▶ [Brief] The listing below contains a span that opens with the line containing "theory Submission" and closes with the line containing "earns at least". Return that span exactly.
■ ■ ■ ■
(* Let $R\in[0,\tfrac34]$. Suppose the algorithm described in the context is run with penalty functions $f_j:[0,1]\to[0,1]$ ($j\in S$, possibly chosen depending on the advice $A$) that are continuous, nondecreasing, and satisfy $$1-\frac{1-R}{x}\;\le\; f_j(x)\;\le\;\frac{1-R}{1-x}\qquad\text{for all }x\in(0,1)$$ (and $f_j(1)\ge R$). Then for every instance $G$ and every advice $A$, $\mathsf{ALG}(G,A)\ge R\cdot \mathsf{OPT}(G)$; i.e. the algorithm is $R$-robust.
   Context: Setting (two-stage vertex-weighted bipartite matching with advice). A bipartite graph $G=(D,S,E)$ has offline vertices $S$, each $j\in S$ carrying a weight $w_j\ge 0$, and online vertices $D=D_1\sqcup D_2$ arriving in two stages. $E_1$ (resp. $E_2$) denotes the set of edges between $D_1$ (resp. $D_2$) and $S$. The advice is a matching $A\subseteq E_1$. $\mathsf{OPT}(G)$ denotes the maximum of $\sum_{j\in S\text{ covered by }M}w_j$ over all matchings $M\subseteq E$. Algorithm (parameters: functions $f_j:[0,1]\to[0,1]$, $j\in S$). First stage: after $D_1,E_1,A$ are revealed, let $\bar x$ be an optimal solution of (P1): maximize $\sum_{j\in S} w_j\bigl(x_j-\int_0^{x_j}f_j(t)\,dt\bigr)$ subject to $x_i:=\sum_{j:(i,j)\in E_1}x_{ij}\le 1$ ($i\in D_1$), $x_j:=\sum_{i:(i,j)\in E_1}x_{ij}\le 1$ ($j\in S$), $x_{ij}\ge0$. Second stage: after $D_2,E_2$ are revealed, let $\bar y$ be an optimal solution of (P2): maximize $\sum_{j\in S}w_jy_j$ subject to $y_i:=\sum_{j:(i,j)\in E_2}y_{ij}\le 1$ ($i\in D_2$), $y_j:=\sum_{i:(i,j)\in E_2}y_{ij}\le 1-\bar x_j$ ($j\in S$), $y_{ij}\ge 0$. The algorithm's value is $\mathsf{ALG}(G,A)=\sum_{j\in S}w_j(\bar x_j+\bar y_j)$. *)

theory Defs
  imports "HOL-Analysis.Analysis"
begin

text \<open>Bipartite graphs: online vertices of type 'd, offline vertices of type 's;
  an edge is a pair (i, j) with i online and j offline.\<close>

definition is_matching :: "('d \<times> 's) set \<Rightarrow> bool" where
  "is_matching M \<longleftrightarrow>
     (\<forall>e1\<in>M. \<forall>e2\<in>M. e1 \<noteq> e2 \<longrightarrow> fst e1 \<noteq> fst e2 \<and> snd e1 \<noteq> snd e2)"

definition OPT :: "('s \<Rightarrow> real) \<Rightarrow> ('d \<times> 's) set \<Rightarrow> real" where
  "OPT w E = Max {(\<Sum>j\<in>snd ` M. w j) | M. M \<subseteq> E \<and> is_matching M}"

definition load_on :: "('d \<times> 's) set \<Rightarrow> ('d \<times> 's \<Rightarrow> real) \<Rightarrow> 'd \<Rightarrow> real" where
  "load_on E x i = (\<Sum>e\<in>{e\<in>E. fst e = i}. x e)"

definition load_off :: "('d \<times> 's) set \<Rightarrow> ('d \<times> 's \<Rightarrow> real) \<Rightarrow> 's \<Rightarrow> real" where
  "load_off E x j = (\<Sum>e\<in>{e\<in>E. snd e = j}. x e)"

definition feasible1 :: "'d set \<Rightarrow> 's set \<Rightarrow> ('d \<times> 's) set \<Rightarrow> ('d \<times> 's \<Rightarrow> real) \<Rightarrow> bool" where
  "feasible1 D1 S E1 x \<longleftrightarrow>
     (\<forall>e\<in>E1. 0 \<le> x e) \<and>
     (\<forall>i\<in>D1. load_on E1 x i \<le> 1) \<and>
     (\<forall>j\<in>S. load_off E1 x j \<le> 1)"

definition obj1 :: "'s set \<Rightarrow> ('s \<Rightarrow> real) \<Rightarrow> ('s \<Rightarrow> real \<Rightarrow> real) \<Rightarrow> ('d \<times> 's) set
    \<Rightarrow> ('d \<times> 's \<Rightarrow> real) \<Rightarrow> real" where
  "obj1 S w f E1 x =
     (\<Sum>j\<in>S. w j * (load_off E1 x j - integral {0..load_off E1 x j} (f j)))"

definition optimal1 :: "'d set \<Rightarrow> 's set \<Rightarrow> ('s \<Rightarrow> real) \<Rightarrow> ('s \<Rightarrow> real \<Rightarrow> real)
    \<Rightarrow> ('d \<times> 's) set \<Rightarrow> ('d \<times> 's \<Rightarrow> real) \<Rightarrow> bool" where
  "optimal1 D1 S w f E1 x \<longleftrightarrow>
     feasible1 D1 S E1 x \<and>
     (\<forall>x'. feasible1 D1 S E1 x' \<longrightarrow> obj1 S w f E1 x' \<le> obj1 S w f E1 x)"

definition feasible2 :: "'d set \<Rightarrow> 's set \<Rightarrow> ('d \<times> 's) set \<Rightarrow> ('s \<Rightarrow> real)
    \<Rightarrow> ('d \<times> 's \<Rightarrow> real) \<Rightarrow> bool" where
  "feasible2 D2 S E2 xs y \<longleftrightarrow>
     (\<forall>e\<in>E2. 0 \<le> y e) \<and>
     (\<forall>i\<in>D2. load_on E2 y i \<le> 1) \<and>
     (\<forall>j\<in>S. load_off E2 y j \<le> 1 - xs j)"

definition obj2 :: "'s set \<Rightarrow> ('s \<Rightarrow> real) \<Rightarrow> ('d \<times> 's) set \<Rightarrow> ('d \<times> 's \<Rightarrow> real) \<Rightarrow> real" where
  "obj2 S w E2 y = (\<Sum>j\<in>S. w j * load_off E2 y j)"

definition optimal2 :: "'d set \<Rightarrow> 's set \<Rightarrow> ('s \<Rightarrow> real) \<Rightarrow> ('d \<times> 's) set \<Rightarrow> ('s \<Rightarrow> real)
    \<Rightarrow> ('d \<times> 's \<Rightarrow> real) \<Rightarrow> bool" where
  "optimal2 D2 S w E2 xs y \<longleftrightarrow>
     feasible2 D2 S E2 xs y \<and>
     (\<forall>y'. feasible2 D2 S E2 xs y' \<longrightarrow> obj2 S w E2 y' \<le> obj2 S w E2 y)"

definition ALG :: "'s set \<Rightarrow> ('s \<Rightarrow> real) \<Rightarrow> ('d \<times> 's) set \<Rightarrow> ('d \<times> 's) set
    \<Rightarrow> ('d \<times> 's \<Rightarrow> real) \<Rightarrow> ('d \<times> 's \<Rightarrow> real) \<Rightarrow> real" where
  "ALG S w E1 E2 x y = (\<Sum>j\<in>S. w j * (load_off E1 x j + load_off E2 y j))"

end

theory Submission
  imports Defs
begin

text \<open>Fix an optimal matching and split it into its first-stage part in \<open>E1\<close> and its
  second-stage part in \<open>E2\<close>; they cover disjoint sets \<open>J1\<close>, \<open>J2\<close> of offline vertices.
  Routing \<open>1 - x\<^sub>j\<close> along each second-stage edge is feasible for (P2), so the second stage
  earns at least \<open>\<Sum>j\<in>J2. w\<^sub>j (1 - x\<^sub>j)\<close>. The objective of (P1) is concave, so optimality
  of \<open>x\<close> yields the first-order condition in the direction of the indicator of the
  first-stage part: \<open>\<Sum>j\<in>J1. w\<^sub>j (1 - f\<^sub>j(x\<^sub>j)) \<le> \<Sum>j. w\<^sub>j (1 - f\<^sub>j(x\<^sub>j)) x\<^sub>j\<close>.
  Writing \<open>w\<^sub>j x\<^sub>j = w\<^sub>j (1 - f\<^sub>j(x\<^sub>j)) x\<^sub>j + w\<^sub>j x\<^sub>j f\<^sub>j(x\<^sub>j)\<close>, every \<open>j \<in> J1\<close> is then charged
  \<open>(1 - f\<^sub>j(x\<^sub>j)) + x\<^sub>j f\<^sub>j(x\<^sub>j) \<ge> R\<close> and every \<open>j \<in> J2\<close> is charged \<open>x\<^sub>j f\<^sub>j(x\<^sub>j) + (1 - x\<^sub>j) \<ge> R\<close>.
  These two inequalities are exactly the upper and the lower bound on \<open>f\<^sub>j\<close>.\<close>

lemma is_matching_subset: "is_matching M \<Longrightarrow> M' \<subseteq> M \<Longrightarrow> is_matching M'"
  unfolding is_matching_def by blast

lemma is_matching_fst_eq:
  "is_matching M \<Longrightarrow> e \<in> M \<Longrightarrow> e' \<in> M \<Longrightarrow> fst e = fst e' \<Longrightarrow> e = e'"
  unfolding is_matching_def by blast

lemma is_matching_snd_eq:
  "is_matching M \<Longrightarrow> e \<in> M \<Longrightarrow> e' \<in> M \<Longrightarrow> snd e = snd e' \<Longrightarrow> e = e'"
  unfolding is_matching_def by blast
■ ■ ■ ■
▶ [Solution to the problem]
theory Submission
  imports Defs
begin

text \<open>Fix an optimal matching and split it into its first-stage part in \<open>E1\<close> and its
  second-stage part in \<open>E2\<close>; they cover disjoint sets \<open>J1\<close>, \<open>J2\<close> of offline vertices.
  Routing \<open>1 - x\<^sub>j\<close> along each second-stage edge is feasible for (P2), so the second stage
  earns at least \<open>\<Sum>j\<in>J2. w\<^sub>j (1 - x\<^sub>j)\<close>. The objective of (P1) is concave, so optimality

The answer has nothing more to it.